月淺棲一愣,抬頭看了他一眼,淺淺一笑,不置可否。
白景說的話,她其實是認同的,就比如她看到晏嬌嬈的回答時會那么失望的原因,就是這個。
越是喜歡,就越會成為弱點。而端坐那個王座的人,最不需要的就是弱點。
想著,月淺棲無奈一笑,她希望別人做到,可她自己,卻做不到。
沉默間,馬車突然猛的停了住,月淺棲身子一下子抵在了車壁上,還沒回過神,身上就被壓了個人。
“嘶,痛死本公子。”白景一手撫著撞到了的腦袋,眉頭皺在了一起,可憐兮兮的看著月淺棲。
月淺棲扯扯嘴,抬腿就要踹開他,卻被白景按了住,似笑非笑道:
“大內殺手。師妹,猜猜那國的?”
“嘖,我的命越來越值錢了。

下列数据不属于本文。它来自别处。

(* Let $\mathfrak{g}=\mathfrak{sl}(2,\mathbb{R})$, with basis $(Y_1,Y_2,Y_3)$ satisfying $[Y_1,Y_2]=Y_3$, $[Y_1,Y_3]=Y_2$, $[Y_2,Y_3]=Y_1$, and with basis $(H,X_+,X_-)$ where $H=\begin{pmatrix}1&0\\0&-1\end{pmatrix}$, $X_+=\begin{pmatrix}0&1\\0&0\end{pmatrix}$, $X_-=\begin{pmatrix}0&0\\-1&0\end{pmatrix}$ (so $[H,X_+]=2X_+$, $[H,X_-]=-2X_-$, $[X_+,X_-]=H$, and $Y_1=\frac12 H$, $Y_2=\frac12(X_+-X_-)$, $Y_3=\frac12(X_++X_-)$). Let $J:\mathfrak{g}\to\mathfrak{g}$ be any linear map. Then $J$ has zero torsion if and only if it is equivalent to the endomorphism whose matrix in the basis $(Y_1,Y_2,Y_3)$ is $$J_*(\lambda)=\begin{pmatrix}0&0&-1\\0&\lambda&0\\1&0&0\end{pmatrix}$$ for some $\lambda\in\mathbb{R}$, and $J_*(\lambda)\not\equiv J_*(\mu)$ for $\lambda\neq\mu$. Equivalently, $J$ has zero torsion if and only if it is equivalent to the endomorphism whose matrix in the basis $(H,X_+,X_-)$ is $$J(\alpha)=\begin{pmatrix}0&-\frac12&-\frac12\\1&\alpha&-\alpha\\1&-\alpha&\alpha\end{pmatrix}$$ for some $\alpha\in\mathbb{R}$, and $J(\alpha)\not\equiv J(\beta)$ for $\alpha\neq\beta$.
   Context: A linear map $J:\mathfrak{g}\to\mathfrak{g}$ on a real Lie algebra has zero torsion if $[JX,JY]-[X,Y]-J[JX,Y]-J[X,JY]=0$ for all $X,Y\in\mathfrak{g}$. Two linear maps $J,J'$ on $\mathfrak{g}$ are equivalent ($J\equiv J'$) if there is a Lie algebra automorphism $\Phi\in\mathrm{Aut}\,\mathfrak{g}$ with $J'=\Phi\circ J\circ\Phi^{-1}$. The matrix of a linear map in a basis $(e_j)$ is $(\xi^i_j)$ with $Je_j=\sum_i\xi^i_j e_i$ (the $j$-th column gives the coordinates of $Je_j$). *)

theory Defs
  imports "HOL-Analysis.Analysis"
begin

text \<open>The Lie algebra sl(2,R) is modelled on real^3, a vector x standing for
  x$1 Y1 + x$2 Y2 + x$3 Y3, where (Y1,Y2,Y3) is the basis with
  [Y1,Y2] = Y3, [Y1,Y3] = Y2, [Y2,Y3] = Y1.\<close>

definition sl2_bracket :: "real^3 \<Rightarrow> real^3 \<Rightarrow> real^3" where
  "sl2_bracket x y = vector [x$2 * y$3 - x$3 * y$2,
                             x$1 * y$3 - x$3 * y$1,
                             x$1 * y$2 - x$2 * y$1]"

definition Ybasis :: "3 \<Rightarrow> real^3" where
  "Ybasis j = axis j 1"

definition HXbasis :: "3 \<Rightarrow> real^3" where
  "HXbasis j = (if j = 1 then vector [2, 0, 0]
                else if j = 2 then vector [0, 1, 1]
                else vector [0, -1, 1])"

definition zero_torsion :: "(real^3 \<Rightarrow> real^3) \<Rightarrow> bool" where
  "zero_torsion J \<longleftrightarrow> (\<forall>X Y. sl2_bracket (J X) (J Y) - sl2_bracket X Y
      - J (sl2_bracket (J X) Y) - J (sl2_bracket X (J Y)) = 0)"

definition sl2_aut :: "(real^3 \<Rightarrow> real^3) \<Rightarrow> bool" where
  "sl2_aut \<Phi> \<longleftrightarrow> linear \<Phi> \<and> bij \<Phi> \<and>
     (\<forall>X Y. \<Phi> (sl2_bracket X Y) = sl2_bracket (\<Phi> X) (\<Phi> Y))"
lemma (in vector_space) span_eq_if_independent_card_ge_dim:
  assumes "finite G" "B \<subseteq> span G" "independent B" "dim G \<le> card B"
  shows "span B = span G"
proof (rule ccontr)
  assume "span B \<noteq> span G"
  moreover have "span B \<subseteq> span G"
    using assms(2) subspace_span by (rule span_minimal)
  ultimately have "\<not> G \<subseteq> span B"
    using span_minimal[OF _ subspace_span, of G B] by blast
  then obtain a where a: "a \<in> G" "a \<notin> span B"
    by blast
  obtain K where K: "K \<subseteq> G" "independent K" "G \<subseteq> span K" "card K = dim G"
    by (rule basis_exists)
  have ind: "independent (insert a B)"
    using a(2) assms(3) by (rule independent_insertI)
  have sub: "insert a B \<subseteq> span K"
    using a(1) assms(2) K(3) span_minimal[OF K(3) subspace_span] by blast
  have "finite (insert a B) \<and> card (insert a B) \<le> card K"
    using finite_subset[OF K(1) assms(1)] ind sub by (rule independent_span_bound)
  moreover have "a \<notin> B"
    using a(2) span_base by blast
  ultimately show False
    using K(4) assms(4) by (auto simp: card_insert_if)
qed

lemma (in vector_space_pair) independent_if_independent_image:
  assumes "Vector_Spaces.linear s1 s2 f" "vs2.independent (f ` B)" "inj_on f B"
  shows "vs1.independent B"
proof
  assume "vs1.dependent B"
  then obtain a where a: "a \<in> B" "a \<in> vs1.span (B - {a})"
    unfolding vs1.dependent_def by blast
  then have "f a \<in> vs2.span (f ` (B - {a}))"
    using linear_span_image[OF assms(1)] by blast
  also have "f ` (B - {a}) = f ` B - {f a}"
    using inj_on_image_set_diff[OF assms(3), of B "{a}"] a(1) by auto
  finally show False
    using assms(2) a(1) unfolding vs2.dependent_def by blast
qed

lemma (in vector_space_pair) span_eq_inj_on_if_dim_le_dim_image:
  assumes f: "Vector_Spaces.linear s1 s2 f" and "finite G" "G0 \<subseteq> G"
    and dim: "vs1.dim G \<le> vs2.dim (f ` G0)"
  shows "vs1.span G0 = vs1.span G" "inj_on f (vs1.span G)"
proof -
  obtain K where K: "K \<subseteq> f ` G0" "vs2.independent K" "f ` G0 \<subseteq> vs2.span K"
    by (rule vs2.maximal_independent_subset)
  obtain B where B: "B \<subseteq> G0" "inj_on f B" "K = f ` B"
    using K(1) by (auto simp: subset_image_inj)
  have "vs1.independent B"
    using f K(2)[unfolded B(3)] B(2) by (rule independent_if_independent_image)
  moreover have "vs1.dim G \<le> card B"
    using dim vs2.basis_card_eq_dim[OF K(1,3,2)] card_image[OF B(2)] B(3) by simp
  moreover have "B \<subseteq> vs1.span G"
    using B(1) assms(3) vs1.span_superset by blast
  ultimately have span_B: "vs1.span B = vs1.span G"
    using vs1.span_eq_if_independent_card_ge_dim[OF assms(2)] by blast
  then show "vs1.span G0 = vs1.span G"
    using vs1.span_mono[OF B(1)] vs1.span_mono[OF assms(3)] by blast
  show "inj_on f (vs1.span G)"
    using linear_inj_on_span_independent_image[OF f] K(2) B(2,3) span_B by metis
qed
(* Let $A^!=T(A_1^* )/(R^\perp)$ be the quadratic dual of $A=A_k$, where $R=\operatorname{span}(r_1,\dots,r_7)\subset A_1\otimes A_1$. Identify $A^!_1=A_1^*$ with $\operatorname{Im}\mathbb{O}_k$ by letting the basis of $A_1^*$ dual to $x_1,\dots,x_7$ correspond to $o_1,\dots,o_7$. Then there are identifications $A^!_2=\operatorname{Im}\mathbb{O}_k$ and $A^!_3=k$ such that (1) the multiplication $A^!_1\times A^!_1\to A^!_2$ is $(u,v)\mapsto \operatorname{Im}(uv)$; (2) the multiplication $A^!_1\times A^!_1\times A^!_1\to A^!_3$ is $(u,v,w)\mapsto -\operatorname{Re}(uvw)$; and (3) $(A^!)^*\cong A^!$ as $A^!$-bimodules, i.e. $A^!$ is a symmetric Frobenius algebra.
   Context: Let $k$ be a field of characteristic $\ne 2$. Label the points of the Fano plane by $1,\dots,7$ so that its directed lines are $123,145,167,246,275,374,365$. For $i,j,l$ put $\varepsilon^{ijl}=1$ if $(i,j,l)$ is a cyclic rotation of a directed line, $-1$ if $(j,i,l)$ is, and $0$ otherwise. $A_k=k\langle x_1,\dots,x_7\rangle/(r_1,\dots,r_7)$ with $\deg x_i=1$ and $r_i=\sum_{m,n}\varepsilon^{imn}x_mx_n$. The octonion algebra $\mathbb{O}_k$ is the unital non-associative $k$-algebra with basis $1,o_1,\dots,o_7$ and $o_ro_s=\sum_{i}\varepsilon^{rsi}o_i-\delta_{rs}$; $\operatorname{Im}\mathbb{O}_k=\operatorname{span}(o_1,\dots,o_7)$; conjugation $u\mapsto\bar u$ is the linear map fixing $1$ and negating each $o_i$; $\operatorname{Re}(u)=\tfrac12(u+\bar u)\in k$, $\operatorname{Im}(u)=\tfrac12(u-\bar u)$. In $\mathbb{O}_k$, products of three imaginary octonions are associative in the sense that $\operatorname{Re}((uv)w)=\operatorname{Re}(u(vw))$, so $\operatorname{Re}(uvw)$ is unambiguous. A graded algebra is symmetric Frobenius if it is finite-dimensional and isomorphic to its linear dual as a bimodule. *)

theory Defs
  imports Main
begin

definition fano_lines :: "(nat \<times> nat \<times> nat) list" where
  "fano_lines = [(1,2,3),(1,4,5),(1,6,7),(2,4,6),(2,7,5),(3,7,4),(3,6,5)]"

definition directed :: "nat \<Rightarrow> nat \<Rightarrow> nat \<Rightarrow> bool" where
  "directed i j l \<longleftrightarrow> (i,j,l) \<in> set fano_lines \<or> (j,l,i) \<in> set fano_lines \<or> (l,i,j) \<in> set fano_lines"

definition eps :: "nat \<Rightarrow> nat \<Rightarrow> nat \<Rightarrow> int" where
  "eps i j l = (if directed i j l then 1 else if directed j i l then -1 else 0)"

definition vadd :: "('b \<Rightarrow> 'k::field) \<Rightarrow> ('b \<Rightarrow> 'k) \<Rightarrow> 'b \<Rightarrow> 'k" where
  "vadd f g = (\<lambda>w. f w + g w)"

definition vsc :: "'k::field \<Rightarrow> ('b \<Rightarrow> 'k) \<Rightarrow> 'b \<Rightarrow> 'k" where
  "vsc c f = (\<lambda>w. c * f w)"

definition lin_on :: "('b \<Rightarrow> 'k::field) set \<Rightarrow> (('b \<Rightarrow> 'k) \<Rightarrow> ('c \<Rightarrow> 'k)) \<Rightarrow> bool" where
  "lin_on S F \<longleftrightarrow> (\<forall>x\<in>S. \<forall>y\<in>S. F (vadd x y) = vadd (F x) (F y)) \<and>
                  (\<forall>c. \<forall>x\<in>S. F (vsc c x) = vsc c (F x))"

definition lin_on_scalar :: "('b \<Rightarrow> 'k::field) set \<Rightarrow> (('b \<Rightarrow> 'k) \<Rightarrow> 'k) \<Rightarrow> bool" where
  "lin_on_scalar S F \<longleftrightarrow> (\<forall>x\<in>S. \<forall>y\<in>S. F (vadd x y) = F x + F y) \<and>
                  (\<forall>c. \<forall>x\<in>S. F (vsc c x) = c * F x)"

section \<open>Octonions: u :: nat => k, u 0 = real part, u i = coefficient of o_i (1 <= i <= 7)\<close>

definition octs :: "(nat \<Rightarrow> 'k::field) set" where
  "octs = {u. \<forall>i>7. u i = 0}"

definition im_octs :: "(nat \<Rightarrow> 'k::field) set" where
  "im_octs = {u \<in> octs. u 0 = 0}"

definition omult :: "(nat \<Rightarrow> 'k::field) \<Rightarrow> (nat \<Rightarrow> 'k) \<Rightarrow> nat \<Rightarrow> 'k" where
  "omult u v = (\<lambda>i. if i = 0 then u 0 * v 0 - (\<Sum>r=1..7. u r * v r)
                    else if i \<le> 7 then u 0 * v i + u i * v 0
                         + (\<Sum>r=1..7. \<Sum>s=1..7. of_int (eps r s i) * u r * v s)
                    else 0)"

definition oconj :: "(nat \<Rightarrow> 'k::field) \<Rightarrow> nat \<Rightarrow> 'k" where
  "oconj u = (\<lambda>i. if i = 0 then u 0 else - u i)"

definition ore :: "(nat \<Rightarrow> 'k::field) \<Rightarrow> 'k" where
  "ore u = (vadd u (oconj u)) 0 / 2"

definition oim :: "(nat \<Rightarrow> 'k::field) \<Rightarrow> nat \<Rightarrow> 'k" where
  "oim u = vsc (1/2) (vadd u (vsc (-1) (oconj u)))"

text \<open>t w is the coefficient of xi_{w_1} (x) ... (x) xi_{w_n}, where xi_i is dual to x_i.\<close>

definition tens :: "(nat list \<Rightarrow> 'k::field) set" where
  "tens = {f. finite {w. f w \<noteq> 0} \<and> (\<forall>w. f w \<noteq> 0 \<longrightarrow> set w \<subseteq> {1..7})}"

definition thom :: "nat \<Rightarrow> (nat list \<Rightarrow> 'k::field) set" where
  "thom n = {f \<in> tens. \<forall>w. f w \<noteq> 0 \<longrightarrow> length w = n}"

definition tmul :: "(nat list \<Rightarrow> 'k::field) \<Rightarrow> (nat list \<Rightarrow> 'k) \<Rightarrow> nat list \<Rightarrow> 'k" where
  "tmul f g = (\<lambda>w. \<Sum>i\<le>length w. f (take i w) * g (drop i w))"

text \<open>R^perp: elements of A_1^* (x) A_1^* annihilating R = span(r_1..r_7),
  with r_i = sum_{m,n} eps^{imn} x_m x_n.\<close>
definition Rperp :: "(nat list \<Rightarrow> 'k::field) set" where
  "Rperp = {s \<in> thom 2. \<forall>i\<in>{1..7}.
             (\<Sum>m=1..7. \<Sum>n=1..7. of_int (eps i m n) * s [m, n]) = 0}"

inductive_set dual_ideal :: "(nat list \<Rightarrow> 'k::field) set" where
  zero: "(\<lambda>_. 0) \<in> dual_ideal"
| gen: "a \<in> tens \<Longrightarrow> s \<in> Rperp \<Longrightarrow> b \<in> tens \<Longrightarrow> tmul (tmul a s) b \<in> dual_ideal"
| add: "x \<in> dual_ideal \<Longrightarrow> y \<in> dual_ideal \<Longrightarrow> vadd x y \<in> dual_ideal"
| scale: "x \<in> dual_ideal \<Longrightarrow> vsc c x \<in> dual_ideal"

text \<open>Identification A^!_1 = A_1^* with Im O: xi_i corresponds to o_i.\<close>
definition to_oct :: "(nat list \<Rightarrow> 'k::field) \<Rightarrow> nat \<Rightarrow> 'k" where
  "to_oct u = (\<lambda>i. if 1 \<le> i \<and> i \<le> 7 then u [i] else 0)"

text \<open>(A^!)^*: linear functionals on T vanishing on I (normalised to 0 outside T).\<close>
definition dual_space :: "((nat list \<Rightarrow> 'k::field) \<Rightarrow> 'k) set" where
  "dual_space = {f. lin_on_scalar tens f \<and> (\<forall>x\<in>dual_ideal. f x = 0) \<and> (\<forall>x. x \<notin> tens \<longrightarrow> f x = 0)}"

definition dual_act :: "(nat list \<Rightarrow> 'k::field) \<Rightarrow> ((nat list \<Rightarrow> 'k) \<Rightarrow> 'k) \<Rightarrow> (nat list \<Rightarrow> 'k)
                        \<Rightarrow> (nat list \<Rightarrow> 'k) \<Rightarrow> 'k" where
  "dual_act a f b = (\<lambda>t. if t \<in> tens then f (tmul (tmul b t) a) else 0)"

definition symmetric_frobenius_dual :: "'k::field itself \<Rightarrow> bool" where
  "symmetric_frobenius_dual _ \<longleftrightarrow>
     (\<exists>B :: (nat list \<Rightarrow> 'k) set. finite B \<and> B \<subseteq> tens \<and>
        (\<forall>x\<in>tens. \<exists>c. vadd x (vsc (-1) (\<lambda>w. \<Sum>b\<in>B. c b * b w)) \<in> dual_ideal)) \<and>
     (\<exists>Phi :: (nat list \<Rightarrow> 'k) \<Rightarrow> ((nat list \<Rightarrow> 'k) \<Rightarrow> 'k).
        lin_on tens Phi \<and> Phi ` tens = dual_space \<and>
        (\<forall>x\<in>tens. Phi x = (\<lambda>_. 0) \<longleftrightarrow> x \<in> dual_ideal) \<and>
        (\<forall>a\<in>tens. \<forall>x\<in>tens. \<forall>b\<in>tens. Phi (tmul (tmul a x) b) = dual_act a (Phi x) b))"

end

theory Submission
  imports Defs
begin

text \<open>
  \<open>A\<^sup>!\<close> is the tensor algebra on seven letters modulo the ideal generated by \<open>R\<^sup>\<bottom>\<close>, and
  \<open>R\<^sup>\<bottom>\<close> is the kernel on quadratic tensors of \<open>coord2 x = (\<lambda>i. \<Sum>r s. eps r s i * x [r, s])\<close>.
  So \<open>coord2\<close> identifies \<open>A\<^sup>!\<^sub>2\<close> with the imaginary octonions, and on a product of two
  letters it is the imaginary part of the octonion product by the very definition of the latter.

  A cubic word \<open>[a, b, c]\<close> can be reduced through \<open>[a, b]\<close> or through \<open>[b, c]\<close>. Since two
  points of the Fano plane lie on a unique line, comparing the two reductions for well chosen
  words shows that \<open>[a, b, c]\<close> is congruent to \<open>eps a b c\<close> times \<open>[1, 2, 3]\<close>. Consequently all
  words of length four lie in the ideal, and \<open>A\<^sup>!\<^sub>3\<close> is identified with \<open>k\<close> by
  \<open>trace3 x = \<Sum>r s i. eps r s i * x [r, s, i]\<close>, which on products of letters is minus the
  real part of the triple octonion product.

  The pairing \<open>(x, y) \<mapsto> trace3 (x y)\<close> vanishes on the ideal, is symmetric because \<open>eps\<close> is
  invariant under cyclic permutations, and pairs the basis \<open>1, [i], basis2 i, [1, 2, 3]\<close> of
  \<open>A\<^sup>!\<close> with \<open>[1, 2, 3], basis2 i, [i], 1\<close>. Hence \<open>x \<mapsto> trace3 (x \<cdot>)\<close> is an isomorphism of
  bimodules from \<open>A\<^sup>!\<close> onto its linear dual.
\<close>

definition word :: "nat list \<Rightarrow> nat list \<Rightarrow> 'k::field" where
  "word u = (\<lambda>v. if v = u then 1 else 0)"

”月淺棲一愣,淡淡說著,伸手推開他,一閃出了車外。
此事,虞娘雙手執劍,站在車門前,眼瞳凌厲的看著四周的八個黑衣人,面色慎重。
瞥見月淺棲,虞娘頓時皺了皺眉。
“八個人。”月淺棲拍了拍虞娘的手,安慰了一下她,掃向將馬車包圍住的八個黑衣人。
從這八人散發出的氣息以及衣服上的圖騰,月淺棲肯定了白景的說法,確實是各國皇宮中培養的殺手,只是,看不出是哪國的。
“幽國這個層的殺手不會有這么多。”白景此時也悠悠鉆了出來,鳳眼中帶著一貫的輕蔑。
月淺棲沒來得及回話,早已虎視眈眈的殺手們便已經沖了過來,出鞘的長劍劃出一道道冷光,在紛飛的雪中竟有一絲唯美。
“小姐,你切莫離我太遠。”虞娘眼瞳一凝,側頭對月淺棲說了一句,便轉身對付起了迎面而來的殺手。
虞娘武功很高,白景一直都知道,但見她一個人對付四個人任然不落下風時,還是挑了挑眉。
刀劍紛飛,劍芒比之雪花更冷,虞娘墨綠色的身影在殺手中模糊不清,過快的動作和招式全然讓外人很難分辨誰是誰。
“一人兩個。”月淺棲并不擔心虞娘,淡淡說了句,話落,身子已經躍了出去,同時,淡藍色的紗綾從她寬袖中飛出,隨著她宛如跳舞的動作翻飛,時而柔軟,時而鋒利,直纏住了其中兩人,紗綾每每從他們身邊劃過,都會在其身上留下一道傷口。
而那素色紗綾上,未染一滴血色。
此刻,她就如雪中的雪妖,衣袂翻飛舞若驚鴻,稍稍失神便丟了性命。
白景瞇了瞇眼,收回視線,腳尖一點,身子一移,便截住了想攻擊向月淺棲的另外兩名殺手。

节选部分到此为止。